Gastkommentar Ralf-Wolfgang Lothert
Frieden

| Redaktion 
| 10.11.2024

Gastkommentar von Ralf-Wolfgang Lothert, Mitglied der Geschäftsleitung und Director Corporate Affairs & Communication von JTI Austria.

Geneigte Leser:innen, in den vergangenen Tagen und Wochen ist viel passiert. So hat beispielsweise der deutsche Bundesfinanzminister Christian Lindner ein viel beachtetes, 18-seitiges Papier zur Wirtschaftswende in Deutschland präsentiert. Nun ist Linders Karriere als Finanzminister zwischenzeitlich unrühmlich zu Ende gegangen. Das Dokument ist dennoch wirklich lesenswert, Interessierte finden es unter dem Link wirtschaftswende-deutschland.pdf, und – unter uns – ich würde die Inhalte auch für Österreich als gute Basis erachten.

Was ist "Frieden"

Die deutsche Ampelkoalition ist am Ende und es wird voraussichtlich im Frühjahr 2025 gewählt. Dann gingen soeben die US-Wahlen über die Bühne, deren immense Auswirkungen auch wir hier in Europa zu spüren bekommen werden. Doch weder über das eine noch über das andere möchte ich mich-zumindest heute- äußern, sondern zu einem Thema, das uns wirklich alle umtreibt – die Rede ist vom Frieden. Als "Friede" bezeichnen wir im heutigen Sprachgebrauch den allgemeinen Zustand zwischen Menschen, sozialen Gruppen oder Staaten, in dem bestehende Konflikte in rechtlich festgelegten Normen ohne Gewalt ausgetragen werden. Doch blicken wir uns um, sieht die Realität leider ganz anders aus.

In der Ukraine herrscht seit dem Angriff Russlands nun schon seit beinahe drei Jahren Krieg. Im Nahen Osten ist die Gefahr eines Flächenbrandes allgegenwärtig.
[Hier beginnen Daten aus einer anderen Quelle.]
(* Let $p,q\ge2$ be natural numbers. Then there exists a c.p.c. order zero map $\varphi\colon M_p\to M_{q^\infty}$ such that $\varphi(1_p)$ is a Lebesgue contraction.
   Context: $M_{q^\infty}$ is the UHF-algebra given as the inductive limit of $M_{q^n}\to M_{q^{n+1}}$, $x\mapsto1_q\otimes x$. A c.p.c. order zero map is a completely positive contractive linear map $\varphi$ with $\varphi(x)\varphi(y)=0$ whenever $xy=0$. A positive contraction $h$ in $M_{q^\infty}$ is a Lebesgue contraction if $\tau(f(h))=\int_0^1f(t)\,dt$ for all $f\in C_0(0,1]$, where $\tau$ is the unique tracial state. *)

theory Defs
  imports "HOL-Analysis.Analysis" "Jordan_Normal_Form.Matrix" "Jordan_Normal_Form.Schur_Decomposition"
begin

definition vnorm :: "complex Matrix.vec \<Rightarrow> real" where
  "vnorm v = sqrt (\<Sum>i<dim_vec v. (cmod (vec_index v i))^2)"

definition opnorm :: "complex mat \<Rightarrow> real" where
  "opnorm A = Sup {vnorm (A *\<^sub>v v) | v. v \<in> carrier_vec (dim_col A) \<and> vnorm v \<le> 1}"

text \<open>Normalised trace (the unique tracial state on M_n).\<close>
definition ntrace :: "complex mat \<Rightarrow> complex" where
  "ntrace A = (\<Sum>i<dim_row A. A $$ (i,i)) / of_nat (dim_row A)"

definition psd :: "complex mat \<Rightarrow> bool" where
  "psd A \<longleftrightarrow> A \<in> carrier_mat (dim_row A) (dim_row A) \<and>
     (\<exists>B. B \<in> carrier_mat (dim_row A) (dim_row A) \<and> A = mat_adjoint B * B)"

definition unitary_mat :: "nat \<Rightarrow> complex mat \<Rightarrow> bool" where
  "unitary_mat n U \<longleftrightarrow> U \<in> carrier_mat n n \<and> mat_adjoint U * U = 1\<^sub>m n"

definition diag_of :: "nat \<Rightarrow> (nat \<Rightarrow> complex) \<Rightarrow> complex mat" where
  "diag_of n c = mat n n (\<lambda>(i,j). if i = j then c i else 0)"

definition mat_fun :: "(real \<Rightarrow> complex) \<Rightarrow> complex mat \<Rightarrow> complex mat" where
  "mat_fun f A = (SOME B. \<exists>U d. unitary_mat (dim_row A) U \<and>
      A = U * diag_of (dim_row A) (\<lambda>i. complex_of_real (d i)) * mat_adjoint U \<and>
      B = U * diag_of (dim_row A) (\<lambda>i. f (d i)) * mat_adjoint U)"

text \<open>Block matrix in M_n(M_m) = M_{n m}: block (i,j) is X i j.\<close>
definition blockmat :: "nat \<Rightarrow> nat \<Rightarrow> (nat \<Rightarrow> nat \<Rightarrow> complex mat) \<Rightarrow> complex mat" where
  "blockmat n m X = mat (n*m) (n*m) (\<lambda>(i,j). X (i div m) (j div m) $$ (i mod m, j mod m))"

text \<open>Connecting map M_{q^n} \<rightarrow> M_{q^(n+1)}, x \<mapsto> 1_q \<otimes> x.\<close>
definition kron_id :: "nat \<Rightarrow> complex mat \<Rightarrow> complex mat" where
  "kron_id q x = mat (q * dim_row x) (q * dim_col x)
     (\<lambda>(i,j). if i div dim_row x = j div dim_col x
              then x $$ (i mod dim_row x, j mod dim_col x) else 0)"

definition uhf_emb :: "nat \<Rightarrow> nat \<Rightarrow> nat \<Rightarrow> complex mat \<Rightarrow> complex mat" where
  "uhf_emb q m n x = (kron_id q ^^ (n - m)) x"

text \<open>M_{q^\<infinity>} is modelled as the completion of the union of the M_{q^k}: an element is
  represented by a sequence s with s k \<in> M_{q^k} which is Cauchy along the connecting maps;
  two representatives are equal iff their difference tends to 0 in norm.\<close>
definition uhf_elem :: "nat \<Rightarrow> (nat \<Rightarrow> complex mat) \<Rightarrow> bool" where
  "uhf_elem q s \<longleftrightarrow> (\<forall>k. s k \<in> carrier_mat (q^k) (q^k)) \<and>
     (\<forall>\<epsilon>>0. \<exists>N. \<forall>m n. N \<le> m \<longrightarrow> m \<le> n \<longrightarrow> opnorm (uhf_emb q m n (s m) - s n) < \<epsilon>)"

definition uhf_eq :: "(nat \<Rightarrow> complex mat) \<Rightarrow> (nat \<Rightarrow> complex mat) \<Rightarrow> bool" where
  "uhf_eq s t \<longleftrightarrow> (\<lambda>k. opnorm (s k - t k)) \<longlonglongrightarrow> 0"

definition uhf_norm :: "(nat \<Rightarrow> complex mat) \<Rightarrow> real" where
  "uhf_norm s = lim (\<lambda>k. opnorm (s k))"

text \<open>Positivity: the positive cone of the inductive limit is the closure of the union of
  the positive cones of the M_{q^k}.\<close>
definition uhf_pos :: "nat \<Rightarrow> (nat \<Rightarrow> complex mat) \<Rightarrow> bool" where
  "uhf_pos q s \<longleftrightarrow> (\<exists>t. (\<forall>k. t k \<in> carrier_mat (q^k) (q^k) \<and> psd (t k)) \<and> uhf_eq s t)"

text \<open>Positivity in M_n(M_{q^\<infinity>}) = inductive limit of M_n(M_{q^k}); X i j (i,j<n) are
  elements of M_{q^\<infinity>}.\<close>
definition uhf_matpos :: "nat \<Rightarrow> nat \<Rightarrow> (nat \<Rightarrow> nat \<Rightarrow> nat \<Rightarrow> complex mat) \<Rightarrow> bool" where
  "uhf_matpos q n X \<longleftrightarrow> (\<exists>t. (\<forall>k. t k \<in> carrier_mat (n * q^k) (n * q^k) \<and> psd (t k)) \<and>
      (\<lambda>k. opnorm (blockmat n (q^k) (\<lambda>i j. X i j k) - t k)) \<longlonglongrightarrow> 0)"

definition cpc_order_zero :: "nat \<Rightarrow> nat \<Rightarrow> (complex mat \<Rightarrow> nat \<Rightarrow> complex mat) \<Rightarrow> bool" where
  "cpc_order_zero p q \<phi> \<longleftrightarrow>
     \<comment> \<open>maps M_p into M_{q^\<infinity>}\<close>
     (\<forall>x \<in> carrier_mat p p. uhf_elem q (\<phi> x)) \<and>
     \<comment> \<open>linear\<close>
     (\<forall>x \<in> carrier_mat p p. \<forall>y \<in> carrier_mat p p. \<forall>c::complex.
        uhf_eq (\<phi> (c \<cdot>\<^sub>m x + y)) (\<lambda>k. c \<cdot>\<^sub>m \<phi> x k + \<phi> y k)) \<and>
     \<comment> \<open>completely positive\<close>
     (\<forall>n\<ge>1. \<forall>X. (\<forall>i<n. \<forall>j<n. X i j \<in> carrier_mat p p) \<longrightarrow> psd (blockmat n p X) \<longrightarrow>
        uhf_matpos q n (\<lambda>i j. \<phi> (X i j))) \<and>
     \<comment> \<open>contractive\<close>
     (\<forall>x \<in> carrier_mat p p. uhf_norm (\<phi> x) \<le> opnorm x) \<and>
     \<comment> \<open>order zero\<close>
     (\<forall>x \<in> carrier_mat p p. \<forall>y \<in> carrier_mat p p. x * y = 0\<^sub>m p p \<longrightarrow>
        uhf_eq (\<lambda>k. \<phi> x k * \<phi> y k) (\<lambda>k. 0\<^sub>m (q^k) (q^k)))"

text \<open>h is a positive contraction with tau(f(h)) = integral_0^1 f for all f in C_0(0,1]
  (= continuous functions on [0,1] vanishing at 0).  tau(f(h)) is computed as the limit of
  the normalised traces of f(t k) for positive contractions t k \<in> M_{q^k} converging to h.\<close>
definition lebesgue_contraction :: "nat \<Rightarrow> (nat \<Rightarrow> complex mat) \<Rightarrow> bool" where
  "lebesgue_contraction q h \<longleftrightarrow> uhf_elem q h \<and> uhf_pos q h \<and> uhf_norm h \<le> 1 \<and>
     (\<forall>f :: real \<Rightarrow> complex. continuous_on {0..1} f \<and> f 0 = 0 \<longrightarrow>
        (\<exists>t. (\<forall>k. t k \<in> carrier_mat (q^k) (q^k) \<and> psd (t k) \<and> opnorm (t k) \<le> 1) \<and>
             uhf_eq h t \<and>
             (\<lambda>k. ntrace (mat_fun f (t k))) \<longlonglongrightarrow> integral {0..1} f))"

end

theory Submission
  imports Defs
begin

text \<open>Write \<open>q^n = p G_n + R_n\<close> with \<open>R_n < p\<close>. At level \<open>n\<close> the coordinates of \<open>\<complex>^(q^n)\<close>
  are split into \<open>G_n\<close> blocks of size \<open>p\<close> and \<open>R_n\<close> spare coordinates, and \<open>\<phi>_n(x)\<close> is the
  direct sum over the blocks of \<open>w_(n,k) x\<close>, with weights \<open>w_(n,k) = 1 - p (k + 1) / q^n\<close> in
  \<open>[0, 1]\<close>. A sum of nonnegative multiples of copies of the identity representation of \<open>M_p\<close> is
  c.p.c. and of order zero; \<open>\<phi>_n(1)\<close> is diagonal with every weight repeated \<open>p\<close> times, so
  \<open>\<tau>(f(\<phi>_n(1)))\<close> is a Riemann sum of \<open>f\<close> with mesh \<open>p / q^n\<close>, which tends to \<open>\<integral>\<^sub>0\<^sup>1 f\<close>.

  The splittings are nested along \<open>x \<mapsto> 1_q \<otimes> x\<close>: the \<open>q\<close> copies of a block of level \<open>n\<close> are
  blocks of level \<open>n + 1\<close> whose weights differ from the old one by at most \<open>p / q^n\<close>, and the
  copies of the spare coordinates are packed into new blocks of weight at most \<open>p / q^n\<close>. Hence
  \<open>(\<phi>_n(x))\<^sub>n\<close> is Cauchy along the connecting maps.\<close>

unbundle no vec_syntax

section \<open>Euclidean and operator norms\<close>

lemma index_mult_mat_sum:
  assumes "i < dim_row A" "j < dim_col B" "dim_col A = dim_row B"
  shows "(A * B) $$ (i,j) = (\<Sum>k<dim_col A. A $$ (i,k) * B $$ (k,j))"
  using assms by (simp add: scalar_prod_def atLeast0LessThan)

lemma index_mult_mat_vec_sum:
  assumes "i < dim_row A" "dim_vec v = dim_col A"
  shows "(A *\<^sub>v v) $ i = (\<Sum>j<dim_col A. A $$ (i,j) * v $ j)"
  using assms by (simp add: scalar_prod_def atLeast0LessThan)

lemma mat_adjoint_alt:
  "mat_adjoint (A :: complex mat) = mat (dim_col A) (dim_row A) (\<lambda>(i,j). cnj (A $$ (j,i)))"
  by (rule eq_matI) (auto simp: mat_adjoint_def mat_of_rows_index)

lemma mat_adjoint_one: "mat_adjoint (1\<^sub>m n :: complex mat) = 1\<^sub>m n"
  by (rule eq_matI) (auto simp: mat_adjoint_alt)

lemma vnorm_nonneg: "vnorm v \<ge> 0"
  unfolding vnorm_def by (simp add: sum_nonneg)

lemma vnorm_power2: "(vnorm v)^2 = (\<Sum>i<dim_vec v. (cmod (v $ i))^2)"
  unfolding vnorm_def by (simp add: sum_nonneg)

lemma vnorm_eq_iff_power2_eq: "vnorm u = vnorm v \<longleftrightarrow> (vnorm u)^2 = (vnorm v)^2"
  using vnorm_nonneg by (metis power2_eq_iff_nonneg)

lemma norm_vec_index_le_vnorm: "i < dim_vec v \<Longrightarrow> cmod (v $ i) \<le> vnorm v"
  unfolding vnorm_def by (rule real_le_rsqrt, rule member_le_sum) auto

lemma vnorm_smult: "vnorm (c \<cdot>\<^sub>v v) = cmod c * vnorm v"
proof -
  have "(\<Sum>i<dim_vec v. (cmod ((c \<cdot>\<^sub>v v) $ i))^2) = (cmod c)^2 * (\<Sum>i<dim_vec v. (cmod (v $ i))^2)"
    by (simp add: sum_distrib_left norm_mult power_mult_distrib)
  then show ?thesis unfolding vnorm_def by (simp add: real_sqrt_mult)
qed

lemma vnorm_eq_0_imp_zero:
  assumes "vnorm v = 0"
  shows "v = 0\<^sub>v (dim_vec v)"
proof (rule eq_vecI)
  fix i assume "i < dim_vec (0\<^sub>v (dim_vec v))"
  then show "v $ i = 0\<^sub>v (dim_vec v) $ i"
    using assms norm_vec_index_le_vnorm[of i v] by simp
qed simp

lemma opnorm_set_bdd_above:
  "bdd_above {vnorm (A *\<^sub>v v) | v. v \<in> carrier_vec (dim_col A) \<and> vnorm v \<le> 1}"
proof -
  have "vnorm (A *\<^sub>v v) \<le> sqrt (\<Sum>i<dim_row A. (\<Sum>j<dim_col A. cmod (A $$ (i,j)))^2)"
    if v: "v \<in> carrier_vec (dim_col A)" "vnorm v \<le> 1" for v
  proof -
    have "cmod ((A *\<^sub>v v) $ i) \<le> (\<Sum>j<dim_col A. cmod (A $$ (i,j)))" if "i < dim_row A" for i
    proof -
      have "cmod ((A *\<^sub>v v) $ i) = cmod (\<Sum>j<dim_col A. A $$ (i,j) * v $ j)"
        using v that by (subst index_mult_mat_vec_sum) auto
      also have "\<dots> \<le> (\<Sum>j<dim_col A. cmod (A $$ (i,j) * v $ j))"
        by (rule norm_sum)
      also have "\<dots> \<le> (\<Sum>j<dim_col A. cmod (A $$ (i,j)))"
        using v norm_vec_index_le_vnorm[of _ v]
        by (intro sum_mono) (auto simp: norm_mult intro!: mult_left_le order_trans[OF _ v(2)])
      finally show ?thesis .
    qed
    then show ?thesis
      unfolding vnorm_def by (auto intro!: real_sqrt_le_mono sum_mono power_mono)
  qed
  then show ?thesis unfolding bdd_above_def by blast
qed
Und doch – oder vielleicht gerade deshalb – wünschen sich nicht nur die unmittelbar Betroffenen, sondern wir alle uns nichts sehnlicher als Frieden.

Wichtige Gedanken

Aber wie kann es gelingen, wenn Krieg herrscht, zu Frieden zu gelangen? Ich maße mir nicht an, die eine allumfassend richtige Antwort darauf liefern zu können, aber ein paar wichtige Gedanken müssen meines Erachtens auf dem Weg dorthin jedenfalls eine Rolle spielen. Am Beispiel des Krieges in der Ukraine lässt sich etwa festmachen, dass vor allem rechts- und linksextrem orientierte Gruppierungen die Meinung vertreten, man müsste einfach nur mit Russland – also Putin – reden, und die Ukraine müsste einfach nachgeben, also in der Schlussfolgerung das eigene Land aufgeben. Dieser vorgeschlagene Weg lässt den viel einfacheren Weg völlig außer Acht, nämlich, dass sich Russland aus den besetzten Ländern zurückzieht und die Kriegshandlungen einstellt. Die erste Variante ist nicht nur deshalb, sondern aus mehreren anderen Gründen unrealistisch und wird keinen Frieden bringen können.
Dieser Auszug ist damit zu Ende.